My confusion stems from $|f(A)| = x$. What exactly is the cardinality of a function applied to a set? For that matter, what would $|f(1)|$ be?
Hint: Let's consider the case where $x=m=5$. Once you understand this case, the rest will (hopefully) follow.
There are $5^m$ functions $f:A\rightarrow B$, but not all of these are surjective, so we have over-counted.
Each non-surjective function is missing at least one element of $B$. Let $B_1\subseteq B$ such that $|B_1|=4$. There are $4^n$ functions to $B_1$. Since there are $5$ elements of $B$ that could be removed, so this accounts for $5\cdot 4^n$ functions. However, we've over-counted again because functions which are not surjections onto $B_1$ are also counted twice.

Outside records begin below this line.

lemma jac_L_N_N:
  assumes a: "a \<in> L" and x: "x \<in> N" and y: "y \<in> N"
  shows "jac mul a x y = 0"
proof -
  let ?\<rho> = "\<lambda>i. [E, H, G, x, y] ! i"
  \<comment> \<open>The coefficients were found by solving a linear system over the admissible relators.\<close>
  have JE: "eval_lc ?\<rho> (jac_lc vE vX vY) = 0"
    by (rule sl2_N_consequence[OF x y, where rs =
          "[(-1, Malcev vE vH vX vY), (-1, Malcev vE vH vY vX), (-1, Malcev vE vX vH vY),
           (1, Malcev vG vE vX (Prod vE vY)), (-1, Malcev vH vE vX (Prod vH vY)),
           (-1, Malcev vE vE (Prod vG vX) vY), (1, Malcev vE vH (Prod vH vX) vY),
           (1, Malcev vH vE (Prod vH vX) vY), (-1, Malcev vH vH (Prod vE vX) vY),
           (-1, Malcev vE vE vY (Prod vG vX)), (1, Malcev vE vH vY (Prod vH vX)),
           (1, Malcev vH vE vY (Prod vH vX)), (-1, Malcev vH vH vY (Prod vE vX)),
           (1, Malcev vG vE (Prod vE vY) vX), (-1, Malcev vH vE (Prod vH vY) vX),
           (1, Malcev vE vX vG (Prod vE vY)), (-1, Malcev vE vX vH (Prod vH vY)),
           (-1, Malcev vE (Prod vE vX) vG vY), (1, Malcev vE (Prod vH vX) vH vY),
           (-1, Times (Jacobi vE vG vX) (Prod vE vY)), (-1, Times (Jacobi vE vH vX) vY),
           (1, Times (Jacobi vE vH vX) (Prod vH vY)), (-1, Times (Jacobi vE vH (Prod vH vX)) vY),
           (-1, Times (Jacobi vE vG vY) (Prod vE vX)), (-2, Times (Jacobi vE vH vY) vX),
           (1, Times (Jacobi vE vH vY) (Prod vH vX)), (1, Times (Malcev vE vE vG vX) vY),
           (-1, Times (Malcev vE vH vH vX) vY), (1, Times (Times (Jacobi vE vG vX) vY) vE),
           (-1, Times (Times (Jacobi vE vH vX) vY) vH)]"])
      code_simp
  have JH: "eval_lc ?\<rho> (jac_lc vH vX vY) = 0"
    by (rule sl2_N_consequence[OF x y, where rs =
          "[(-1, Malcev vE vG vX vY), (-1, Malcev vE vG vY vX), (-1, Malcev vE vX vG vY),
           (-1, Malcev vH vE vX (Prod vG vY)), (-1, Malcev vH vG vX (Prod vE vY)),
           (1, Malcev vE vG (Prod vH vX) vY), (2, Malcev vG vE (Prod vH vX) vY),
           (-1, Malcev vH vE (Prod vG vX) vY), (1, Malcev vH vG (Prod vE vX) vY),
           (1, Malcev vE vG vY (Prod vH vX)), (2, Malcev vG vE vY (Prod vH vX)),
           (-1, Malcev vH vE vY (Prod vG vX)), (1, Malcev vH vG vY (Prod vE vX)),
           (-1, Malcev vH vE (Prod vG vY) vX), (-1, Malcev vH vG (Prod vE vY) vX),
           (-1, Malcev vE vX vH (Prod vG vY)), (-1, Malcev vG vX vH (Prod vE vY)),
           (1, Malcev vE (Prod vH vX) vG vY), (2, Malcev vG (Prod vE vX) vH vY),
           (1, Times (Jacobi vE vG vX) vY), (1, Times (Jacobi vE vG vX) (Prod vH vY)),
           (2, Times (Jacobi vG vH vX) (Prod vE vY)), (-2, Times (Jacobi vE vG (Prod vH vX)) vY),
           (1, Times (Jacobi vE vH (Prod vG vX)) vY), (-2, Times (Jacobi vE vG vY) vX),
           (1, Times (Jacobi vE vH vY) (Prod vG vX)), (1, Times (Jacobi vG vH vY) (Prod vE vX)),
           (-2, Times (Malcev vE vG vH vX) vY), (1, Times (Malcev vE vH vG vX) vY),
           (1, Times (Times (Jacobi vE vG vX) vY) vH), (-2, Times (Times (Jacobi vE vH vX) vY) vG)]"])
      code_simp
  have JG: "eval_lc ?\<rho> (jac_lc vG vX vY) = 0"
    by (rule sl2_N_consequence[OF x y, where rs =
          "[(1, Malcev vG vH vX vY), (1, Malcev vG vH vY vX), (1, Malcev vG vX vH vY),
           (-1, Malcev vG vE vX (Prod vG vY)), (-1, Malcev vH vG vX (Prod vH vY)),
           (1, Malcev vE vG (Prod vG vX) vY), (1, Malcev vG vE (Prod vG vX) vY),
           (-1, Malcev vG vG (Prod vE vX) vY), (1, Malcev vG vH (Prod vH vX) vY),
           (1, Malcev vH vG (Prod vH vX) vY), (-1, Malcev vH vH (Prod vG vX) vY),
           (1, Malcev vE vG vY (Prod vG vX)), (1, Malcev vG vE vY (Prod vG vX)),
           (-1, Malcev vG vG vY (Prod vE vX)), (1, Malcev vG vH vY (Prod vH vX)),
           (1, Malcev vH vG vY (Prod vH vX)), (-1, Malcev vH vH vY (Prod vG vX)),
           (-1, Malcev vG vE (Prod vG vY) vX), (-1, Malcev vH vG (Prod vH vY) vX),
           (-1, Malcev vE vX vG (Prod vG vY)), (-1, Malcev vG vX vH (Prod vH vY)),
           (1, Malcev vE (Prod vG vX) vG vY), (1, Malcev vG (Prod vH vX) vH vY),
           (1, Times (Jacobi vE vG vX) (Prod vG vY)), (2, Times (Jacobi vG vH vX) vY),
           (1, Times (Jacobi vG vH vX) (Prod vH vY)), (-1, Times (Jacobi vE vG (Prod vG vX)) vY),
           (-1, Times (Jacobi vG vH (Prod vH vX)) vY), (1, Times (Jacobi vE vG vY) (Prod vG vX)),
           (2, Times (Jacobi vG vH vY) vX), (1, Times (Jacobi vG vH vY) (Prod vH vX)),
           (-1, Times (Malcev vE vG vG vX) vY), (-1, Times (Malcev vG vH vH vX) vY),
           (-1, Times (Times (Jacobi vE vG vX) vY) vG), (-1, Times (Times (Jacobi vG vH vX) vY) vH)]"])
      code_simp
  have "jac mul E x y = 0" "jac mul H x y = 0" "jac mul G x y = 0"
    using JE JH JG by (simp_all add: eval_lc_jac_lc)
  then show ?thesis
    using linear_eq_0_on_span[OF linear_jac_left _ a[unfolded L_def]] by auto
qed

lemma mul_in_N:
  assumes x: "x \<in> N" and y: "y \<in> N"
  shows "mul x y \<in> N"
proof -
  have "jac mul (mul x y) a b = 0" if "a \<in> L" "b \<in> L" for a b
    using sagle_identity[of x y a b] jac_N_L_L(1)[OF x that] jac_N_L_L(1)[OF y that]
      jac_L_N_N[OF mul_in_L[OF that] x y]
    by simp
  then show ?thesis by (simp add: N_def)
qed

lemma jac_N_times_L:
  assumes x: "x \<in> N" and y: "y \<in> N" and z: "z \<in> N" and a: "a \<in> L"
  shows "mul (jac mul x y z) a = 0"
proof -
  have "sm 2 (mul (jac mul x y z) a) = 0"
    using jac_mul_identity[of x y z a] jac_L_N_N[OF a y mul_in_N[OF x z]]
      jac_L_N_N[OF a x mul_in_N[OF y z]] jac_L_N_N[OF a z mul_in_N[OF x y]]
    by simp
  then show ?thesis
    using two_nonzero by simp
qed

end

theorem mainTheorem3:
  fixes sm :: "'a::field \<Rightarrow> 'm::ab_group_add \<Rightarrow> 'm"
    and mul :: "'m \<Rightarrow> 'm \<Rightarrow> 'm"
    and E H F :: 'm
  assumes char2: "(2::'a) \<noteq> 0" and char3: "(3::'a) \<noteq> 0"
    and HM: "in_variety_H sm mul"
    and sl2: "sl2_triple sm mul E H F"
    and faithful: "\<forall>m. m \<noteq> 0 \<longrightarrow> (\<exists>l\<in>module.span sm {E, H, F}. mul m l \<noteq> 0)"
  shows "module.subspace sm (N_set sm mul (module.span sm {E, H, F}))
    \<and> (\<forall>x\<in>N_set sm mul (module.span sm {E, H, F}). \<forall>y\<in>N_set sm mul (module.span sm {E, H, F}).
          mul x y \<in> N_set sm mul (module.span sm {E, H, F}))
    \<and> (\<forall>x\<in>N_set sm mul (module.span sm {E, H, F}). \<forall>y\<in>N_set sm mul (module.span sm {E, H, F}).
         \<forall>z\<in>N_set sm mul (module.span sm {E, H, F}). jac mul x y z = 0)"
proof -
  interpret sl2_in_malcev sm mul E H F
    using HM sl2 char2
    unfolding sl2_in_malcev_def sl2_in_malcev_axioms_def malcev_def malcev_axioms_def
      anticomm_algebra_def anticomm_algebra_axioms_def
    by (simp add: in_variety_H_def malcev_algebra_def sl2_triple_def)
  have "jac mul x y z = 0" if "x \<in> N" "y \<in> N" "z \<in> N" for x y z
    using faithful jac_N_times_L[OF that] by (auto simp: span_EHF)
  then show ?thesis
    by (simp add: N_set_eq subspace_N mul_in_N)
qed

end
(* Let $t \geq 1$, $W \geq 2$ and $R \geq 2$. Then there is no fast write (W1R2) implementation of a multi-writer multi-reader atomic register in the message-passing client–server model described in the context, i.e., no wait-free implementation tolerating the crash of up to $t$ of the $S$ servers in which every write operation completes after one round-trip of communication and every read operation completes after (at most) two round-trips of communication.
   Context: System model: there are three disjoint sets of processes: a set of $S \geq 2$ servers $\{s_1,\dots,s_S\}$, a set of $R$ readers $\{r_1,\dots,r_R\}$ and a set of $W$ writers $\{w_1,\dots,w_W\}$ (readers and writers are called clients). Clients and servers communicate by asynchronous message passing over bidirectional reliable channels; there is no communication between servers and no communication between clients. In any execution, any number of clients and up to $t$ of the $S$ servers may crash. An implementation is wait-free: every invoked read or write operation of a non-crashed client eventually returns regardless of the status of other clients. Only writers invoke $write(v)$ and only readers invoke $read()$, which returns a value. A round-trip of communication is one phase in which the client sends a message to all servers (to query or update them) and waits for replies; since up to $t$ servers may crash, a client can only wait for replies from $S-t$ servers. A W1R2 implementation is one in which every write uses exactly one round-trip and every read uses two round-trips. Atomicity: an execution is a sequence of invocation and response events with distinct global timestamps; $O_1 \prec_\sigma O_2$ if the response of $O_1$ occurs before the invocation of $O_2$. An execution is well-formed if each client's subsequence is sequential (each invocation immediately followed by its matching response). The register is atomic if for every well-formed execution $\sigma$ there is a sequential permutation $\pi$ of all its operations such that (i) if $O_1 \prec_\sigma O_2$ then $O_1$ appears before $O_2$ in $\pi$, and (ii) each read returns the value written by the latest preceding write in $\pi$. *)

theory Defs
  imports Main
begin

text \<open>Servers are 0..S-1, writers are Wr i (i < W), readers are Rd j (j < R).
 Register values are natural numbers; the initial value of the register is 0.\<close>

datatype client = Wr nat | Rd nat

datatype phase = Idle | WPh nat | RPh1 | RPh2

datatype event = InvW client nat | InvR client | RespW client | RespR client nat

text \<open>A W1R2 implementation (protocol). Type parameters: 'c client local state,
 's server local state, 'm messages. Everything is deterministic and arbitrary.\<close>
record ('c, 's, 'm) proto =
  srv_init :: "nat \<Rightarrow> 's"
  srv_step :: "nat \<Rightarrow> 's \<Rightarrow> client \<Rightarrow> 'm \<Rightarrow> 's \<times> 'm"
     \<comment> \<open>server j, its state, sender, message \<mapsto> new state, reply\<close>
  cl_init  :: "client \<Rightarrow> 'c"
  w_req    :: "client \<Rightarrow> 'c \<Rightarrow> nat \<Rightarrow> nat \<Rightarrow> 'm"
     \<comment> \<open>write(v): message sent to server j\<close>
  w_done   :: "client \<Rightarrow> 'c \<Rightarrow> nat \<Rightarrow> (nat \<rightharpoonup> 'm) \<Rightarrow> 'c"
  r_req1   :: "client \<Rightarrow> 'c \<Rightarrow> nat \<Rightarrow> 'm"
  r_mid    :: "client \<Rightarrow> 'c \<Rightarrow> (nat \<rightharpoonup> 'm) \<Rightarrow> 'c"
  r_req2   :: "client \<Rightarrow> 'c \<Rightarrow> nat \<Rightarrow> 'm"
  r_done   :: "client \<Rightarrow> 'c \<Rightarrow> (nat \<rightharpoonup> 'm) \<Rightarrow> 'c \<times> nat"
  cl_late  :: "client \<Rightarrow> 'c \<Rightarrow> nat \<Rightarrow> 'm \<Rightarrow> 'c"
     \<comment> \<open>local processing of a reply that is not used by the current round trip\<close>

record ('c, 's, 'm) conf =
  sst  :: "nat \<Rightarrow> 's"
  cst  :: "client \<Rightarrow> 'c"
  ph   :: "client \<Rightarrow> phase"
  opn  :: "client \<Rightarrow> nat"
  reqs :: "(client \<times> nat \<times> nat \<times> nat \<times> 'm) set"  \<comment> \<open>(from, to server, op no, round, msg)\<close>
  reps :: "(nat \<times> client \<times> nat \<times> nat \<times> 'm) set"  \<comment> \<open>(from server, to, op no, round, msg)\<close>
  got  :: "client \<Rightarrow> nat \<rightharpoonup> 'm"

definition init_conf :: "('c, 's, 'm) proto \<Rightarrow> ('c, 's, 'm) conf" where
  "init_conf P = \<lparr> sst = srv_init P, cst = cl_init P, ph = (\<lambda>_. Idle), opn = (\<lambda>_. 0),
                   reqs = {}, reps = {}, got = (\<lambda>_. Map.empty) \<rparr>"

fun round_of :: "phase \<Rightarrow> nat" where
  "round_of Idle = 0"
| "round_of (WPh _) = 1"
| "round_of RPh1 = 1"
| "round_of RPh2 = 2"

text \<open>Asynchrony: any enabled step may be taken at any time;
 messages may stay in transit forever (covering crashes of clients and of servers in
 finite executions).\<close>
inductive reach :: "nat \<Rightarrow> nat \<Rightarrow> nat \<Rightarrow> nat \<Rightarrow> ('c, 's, 'm) proto
                     \<Rightarrow> ('c, 's, 'm) conf \<Rightarrow> event list \<Rightarrow> bool"
  for S t W R :: nat and P :: "('c, 's, 'm) proto" where
  init: "reach S t W R P (init_conf P) []"
| inv_w: "\<lbrakk> reach S t W R P C h; i < W; ph C (Wr i) = Idle \<rbrakk> \<Longrightarrow>
     reach S t W R P
       (C\<lparr> ph := (ph C)(Wr i := WPh v), opn := (opn C)(Wr i := Suc (opn C (Wr i))),
           got := (got C)(Wr i := Map.empty),
           reqs := reqs C \<union> {(Wr i, j, Suc (opn C (Wr i)), 1, w_req P (Wr i) (cst C (Wr i)) v j) | j. j < S} \<rparr>)
       (h @ [InvW (Wr i) v])"
| inv_r: "\<lbrakk> reach S t W R P C h; i < R; ph C (Rd i) = Idle \<rbrakk> \<Longrightarrow>
     reach S t W R P
       (C\<lparr> ph := (ph C)(Rd i := RPh1), opn := (opn C)(Rd i := Suc (opn C (Rd i))),
           got := (got C)(Rd i := Map.empty),
           reqs := reqs C \<union> {(Rd i, j, Suc (opn C (Rd i)), 1, r_req1 P (Rd i) (cst C (Rd i)) j) | j. j < S} \<rparr>)
       (h @ [InvR (Rd i)])"
| deliver: "\<lbrakk> reach S t W R P C h; (c, j, k, r, m) \<in> reqs C;
              srv_step P j (sst C j) c m = (s', m') \<rbrakk> \<Longrightarrow>
     reach S t W R P
       (C\<lparr> sst := (sst C)(j := s'), reqs := reqs C - {(c, j, k, r, m)},
           reps := reps C \<union> {(j, c, k, r, m')} \<rparr>) h"
| recv: "\<lbrakk> reach S t W R P C h; (j, c, k, r, m) \<in> reps C; k = opn C c; ph C c \<noteq> Idle;
           r = round_of (ph C c); card (dom (got C c)) < S - t \<rbrakk> \<Longrightarrow>
     reach S t W R P
       (C\<lparr> reps := reps C - {(j, c, k, r, m)}, got := (got C)(c := (got C c)(j \<mapsto> m)) \<rparr>) h"
| recv_late: "\<lbrakk> reach S t W R P C h; (j, c, k, r, m) \<in> reps C;
           \<not> (k = opn C c \<and> ph C c \<noteq> Idle \<and> r = round_of (ph C c) \<and> card (dom (got C c)) < S - t) \<rbrakk> \<Longrightarrow>
     reach S t W R P
       (C\<lparr> reps := reps C - {(j, c, k, r, m)}, cst := (cst C)(c := cl_late P c (cst C c) j m) \<rparr>) h"
| done_w: "\<lbrakk> reach S t W R P C h; ph C c = WPh v; card (dom (got C c)) = S - t \<rbrakk> \<Longrightarrow>
     reach S t W R P
       (C\<lparr> ph := (ph C)(c := Idle), cst := (cst C)(c := w_done P c (cst C c) v (got C c)) \<rparr>)
       (h @ [RespW c])"
| done_r1: "\<lbrakk> reach S t W R P C h; ph C c = RPh1; card (dom (got C c)) = S - t;
              c' = r_mid P c (cst C c) (got C c) \<rbrakk> \<Longrightarrow>
     reach S t W R P
       (C\<lparr> ph := (ph C)(c := RPh2), cst := (cst C)(c := c'), got := (got C)(c := Map.empty),
           reqs := reqs C \<union> {(c, j, opn C c, 2, r_req2 P c c' j) | j. j < S} \<rparr>) h"
| done_r2: "\<lbrakk> reach S t W R P C h; ph C c = RPh2; card (dom (got C c)) = S - t;
              r_done P c (cst C c) (got C c) = (c', v) \<rbrakk> \<Longrightarrow>
     reach S t W R P
       (C\<lparr> ph := (ph C)(c := Idle), cst := (cst C)(c := c') \<rparr>) (h @ [RespR c v])"

fun ev_client :: "event \<Rightarrow> client" where
  "ev_client (InvW c _) = c" | "ev_client (InvR c) = c"
| "ev_client (RespW c) = c" | "ev_client (RespR c _) = c"

fun is_inv :: "event \<Rightarrow> bool" where
  "is_inv (InvW _ _) = True" | "is_inv (InvR _) = True" | "is_inv _ = False"

fun is_winv :: "event \<Rightarrow> bool" where
  "is_winv (InvW _ _) = True" | "is_winv _ = False"

fun is_rinv :: "event \<Rightarrow> bool" where
  "is_rinv (InvR _) = True" | "is_rinv _ = False"

fun wval :: "event \<Rightarrow> nat" where
  "wval (InvW _ v) = v" | "wval _ = 0"

fun rval :: "event \<Rightarrow> nat" where
  "rval (RespR _ v) = v" | "rval _ = 0"

text \<open>Operations are identified by the position of their invocation in the history;
 in a well-formed history the response of the operation invoked at position i is the
 next event of the same client.\<close>
definition completed :: "event list \<Rightarrow> nat \<Rightarrow> bool" where
  "completed h i \<longleftrightarrow> (\<exists>j. i < j \<and> j < length h \<and> ev_client (h ! j) = ev_client (h ! i))"

definition resp_of :: "event list \<Rightarrow> nat \<Rightarrow> nat" where
  "resp_of h i = (LEAST j. i < j \<and> j < length h \<and> ev_client (h ! j) = ev_client (h ! i))"

definition precedes :: "event list \<Rightarrow> nat \<Rightarrow> nat \<Rightarrow> bool" where
  "precedes h i1 i2 \<longleftrightarrow> completed h i1 \<and> resp_of h i1 < i2"

definition last_written :: "event list \<Rightarrow> nat list \<Rightarrow> nat \<Rightarrow> nat" where
  "last_written h pi a =
     (let ws = filter (\<lambda>x. is_winv (h ! x)) (take a pi) in
      if ws = [] then 0 else wval (h ! last ws))"

definition atomic :: "event list \<Rightarrow> bool" where
  "atomic h \<longleftrightarrow> (\<exists>pi. distinct pi
      \<and> (\<forall>i \<in> set pi. i < length h \<and> is_inv (h ! i) \<and> (completed h i \<or> is_winv (h ! i)))
      \<and> (\<forall>i < length h. is_inv (h ! i) \<and> completed h i \<longrightarrow> i \<in> set pi)
      \<and> (\<forall>a < length pi. \<forall>b < length pi. precedes h (pi ! a) (pi ! b) \<longrightarrow> a < b)
      \<and> (\<forall>a < length pi. is_rinv (h ! (pi ! a)) \<longrightarrow>
            rval (h ! resp_of h (pi ! a)) = last_written h pi a))"

end

theory Submission
  imports Defs
begin

(* Let the writers Wr 0 and Wr 1 write 1 and 2, after which the readers Rd 0 and Rd 1 invoke
   reads.  For k = 0..S consider the configuration B k in which the servers below k processed
   the write of 2 before the write of 1 and the other servers the opposite order.  B 0 and B S
   are also reached when the writes are sequential (1 then 2, resp. 2 then 1), so atomicity
   forces reads from B 0 to return 2 and reads from B S to return 1; from every B k it forces
   both reads to return the same value, as both writes completed before.

   In executions where only the two readers take steps, no configuration is bivalent (an FLP
   style argument): two conflicting reader steps are indistinguishable to one of the readers
   except at one server, and since t >= 1 that reader can complete its read alone while
   ignoring that server.  Finally B k and B (k + 1) differ only at server k, so a solo read of
   Rd 0 ignoring server k returns the same value from both; hence the value 2 propagates from
   B 0 to B S, a contradiction. *)

section \<open>Atomic histories with two writes\<close>

lemma resp_of_eqI:
  assumes "i < j" "j < length h" "ev_client (h ! j) = ev_client (h ! i)"
    and "\<And>k. i < k \<Longrightarrow> k < j \<Longrightarrow> ev_client (h ! k) \<noteq> ev_client (h ! i)"
  shows "completed h i" "resp_of h i = j"
proof -
  show "completed h i" using assms(1-3) unfolding completed_def by blast
  show "resp_of h i = j" unfolding resp_of_def
    by (rule Least_equality) (use assms in \<open>auto simp: not_less[symmetric]\<close>)
qed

Let $B_2$ be a subset of $B$ of cardinality $3$. We must add these functions back. Since there are $\begin{pmatrix}5\\2\end{pmatrix}$ such subsets, we must add back $\begin{pmatrix}5\\2\end{pmatrix}3^n$ functions. This is adding back too many functions again!
For subsets of cardinality $2$, there are $\begin{pmatrix}5\\3\end{pmatrix}2^n$ functions to sets of cardinality $2$. This is subtracting too many functions.
We are left with the functions to sets of cardinality $1$, but these are just the constant functions, so there's only $5$ of these.
Summarizing, the number of functions is $$ 5^n-\begin{pmatrix}5\\4\end{pmatrix}4^n+\begin{pmatrix}5\\3\end{pmatrix}3^n-\begin{pmatrix}5\\2\end{pmatrix}2^n+\begin{pmatrix}5\\1\end{pmatrix} $$
Now, generalize, generalize, generalize!